Please report each line of the data below that contains "define".

◆ **Records for this task**
┏━━
lemma omega_term_swap:
  assumes x: "x \<in> omega_indices n k" and n: "2 \<le> n" and m: "omega_matched n x"
  shows "omega_term n W s0 (omega_swap n x) = - omega_term n W s0 x"
proof -
  obtain ix ls p \<sigma> where x_eq: "x = (ix, ls, p, \<sigma>)" by (cases x) auto
  define j where "j = index_of ix (\<sigma> 1)"
  define \<sigma>' where "\<sigma>' = \<sigma> \<circ> Transposition.transpose 0 1"
  note facts = omega_matched_facts[OF x[unfolded x_eq] n m[unfolded x_eq]]
  note swap = omega_swap_matched[OF x_eq x n m, folded j_def \<sigma>'_def]
  have ix: "distinct ix" "\<sigma> permutes {0..<n}" "length ls = length ix"
    using x x_eq by (auto simp: omega_indices_def distinct_words_def words_def)
  have j: "j < length ix" "ix ! j = \<sigma> 1" "ls ! j = \<sigma> 0"
    using index_of_in[OF ix(1) facts(3)] facts(1,6) by (auto simp: j_def)
  have "W i (ix[j := \<sigma> 0] ! i) * W i (ls[j := \<sigma> 1] ! i) = W i (ix ! i) * W i (ls ! i)"
    if "i < length ix" for i
    using that j ix(3) by (cases "i = j") (simp_all add: mult.commute)
  then have "lie_weight W (ix[j := \<sigma> 0]) (ls[j := \<sigma> 1]) = lie_weight W ix ls"
    unfolding lie_weight_def by simp
  moreover have "sign \<sigma>' = - sign \<sigma>"
    using permutes_imp_permutation[OF finite_atLeastLessThan ix(2)]
    by (simp add: \<sigma>'_def sign_compose permutation_swap_id sign_swap_id)
  moreover have "(if lie_frame n (ix[j := \<sigma> 0]) (ls[j := \<sigma> 1]) (\<sigma>' a) = (\<sigma> 1 # (n + \<sigma> 1) # s0) ! a
        then 1 else (0::complex))
      = (if lie_frame n ix ls (\<sigma> a) = (p # (n + p) # s0) ! a then 1 else 0)" for a
  proof (cases "a = 0 \<or> a = 1")
    case True
    then show ?thesis using swap(2) facts m x_eq by (auto simp: \<sigma>'_def omega_matched_def)
  next
    case False
    then have "\<sigma>' a = \<sigma> a" "\<sigma> a \<noteq> \<sigma> 0" "\<sigma> a \<noteq> \<sigma> 1"
      using permutes_inj[OF ix(2)] by (auto simp: \<sigma>'_def dest: injD)
    moreover have "(\<sigma> 1 # (n + \<sigma> 1) # s0) ! a = (p # (n + p) # s0) ! a"
      using False by (cases a; cases "a - 1") auto
    ultimately show ?thesis using swap(2) by simp
  qed
  ultimately show ?thesis
    unfolding swap(1) by (simp add: omega_term_def x_eq)
qed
┗━━
◆ **Output for this task**
  define j where "j = index_of ix (\<sigma> 1)"
  define \<sigma>' where "\<sigma>' = \<sigma> \<circ> Transposition.transpose 0 1"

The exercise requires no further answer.